Copy out the data in full, keeping each line exactly as it reads.
********
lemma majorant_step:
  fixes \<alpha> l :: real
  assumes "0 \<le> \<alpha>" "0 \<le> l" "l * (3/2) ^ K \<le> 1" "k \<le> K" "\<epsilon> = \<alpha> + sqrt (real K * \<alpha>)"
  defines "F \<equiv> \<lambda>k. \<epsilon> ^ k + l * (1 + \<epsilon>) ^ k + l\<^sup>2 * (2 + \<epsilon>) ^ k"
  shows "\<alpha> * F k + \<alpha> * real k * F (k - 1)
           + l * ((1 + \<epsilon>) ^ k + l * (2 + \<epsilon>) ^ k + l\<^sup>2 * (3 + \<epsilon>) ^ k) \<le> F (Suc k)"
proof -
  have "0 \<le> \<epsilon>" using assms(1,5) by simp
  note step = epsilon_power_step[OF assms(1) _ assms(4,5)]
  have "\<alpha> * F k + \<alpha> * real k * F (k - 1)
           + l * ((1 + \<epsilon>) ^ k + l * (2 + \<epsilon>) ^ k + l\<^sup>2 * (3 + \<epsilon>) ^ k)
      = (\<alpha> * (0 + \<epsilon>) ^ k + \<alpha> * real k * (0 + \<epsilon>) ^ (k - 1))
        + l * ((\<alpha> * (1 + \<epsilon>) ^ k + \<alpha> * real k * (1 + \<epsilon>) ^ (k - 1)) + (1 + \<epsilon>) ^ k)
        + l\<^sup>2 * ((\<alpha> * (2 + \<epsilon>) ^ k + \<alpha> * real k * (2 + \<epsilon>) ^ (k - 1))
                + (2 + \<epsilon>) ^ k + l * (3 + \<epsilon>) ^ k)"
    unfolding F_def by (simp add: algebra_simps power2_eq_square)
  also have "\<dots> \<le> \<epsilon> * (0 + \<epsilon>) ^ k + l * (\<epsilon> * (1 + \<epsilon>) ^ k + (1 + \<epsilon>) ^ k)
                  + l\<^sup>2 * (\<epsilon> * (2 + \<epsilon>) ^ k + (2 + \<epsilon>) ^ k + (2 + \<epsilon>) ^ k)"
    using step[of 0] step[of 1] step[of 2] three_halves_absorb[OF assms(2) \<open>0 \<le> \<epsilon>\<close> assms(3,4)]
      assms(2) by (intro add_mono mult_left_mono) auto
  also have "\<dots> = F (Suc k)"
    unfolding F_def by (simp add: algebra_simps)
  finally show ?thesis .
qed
********
Result for this exercise —
lemma majorant_step:
  fixes \<alpha> l :: real
  assumes "0 \<le> \<alpha>" "0 \<le> l" "l * (3/2) ^ K \<le> 1" "k \<le> K" "\<epsilon> = \<alpha> + sqrt (real K * \<alpha>)"
  defines "F \<equiv> \<lambda>k. \<epsilon> ^ k + l * (1 + \<epsilon>) ^ k + l\<^sup>2 * (2 + \<epsilon>) ^ k"
  shows "\<alpha> * F k + \<alpha> * real k * F (k - 1)
           + l * ((1 + \<epsilon>) ^ k + l * (2 + \<epsilon>) ^ k + l\<^sup>2 * (3 + \<epsilon>) ^ k) \<le> F (Suc k)"
proof -
  have "0 \<le> \<epsilon>" using assms(1,5) by simp
  note step = epsilon_power_step[OF assms(1) _ assms(4,5)]
  have "\<alpha> * F k + \<alpha> * real k * F (k - 1)
           + l * ((1 + \<epsilon>) ^ k + l * (2 + \<epsilon>) ^ k + l\<^sup>2 * (3 + \<epsilon>) ^ k)
      = (\<alpha> * (0 + \<epsilon>) ^ k + \<alpha> * real k * (0 + \<epsilon>) ^ (k - 1))
        + l * ((\<alpha> * (1 + \<epsilon>) ^ k + \<alpha> * real k * (1 + \<epsilon>) ^ (k - 1)) + (1 + \<epsilon>) ^ k)
        + l\<^sup>2 * ((\<alpha> * (2 + \<epsilon>) ^ k + \<alpha> * real k * (2 + \<epsilon>) ^ (k - 1))
                + (2 + \<epsilon>) ^ k + l * (3 + \<epsilon>) ^ k)"
    unfolding F_def by (simp add: algebra_simps power2_eq_square)
  also have "\<dots> \<le> \<epsilon> * (0 + \<epsilon>) ^ k + l * (\<epsilon> * (1 + \<epsilon>) ^ k + (1 + \<epsilon>) ^ k)
                  + l\<^sup>2 * (\<epsilon> * (2 + \<epsilon>) ^ k + (2 + \<epsilon>) ^ k + (2 + \<epsilon>) ^ k)"
    using step[of 0] step[of 1] step[of 2] three_halves_absorb[OF assms(2) \<open>0 \<le> \<epsilon>\<close> assms(3,4)]
      assms(2) by (intro add_mono mult_left_mono) auto
  also have "\<dots> = F (Suc k)"
    unfolding F_def by (simp add: algebra_simps)
  finally show ?thesis .
qed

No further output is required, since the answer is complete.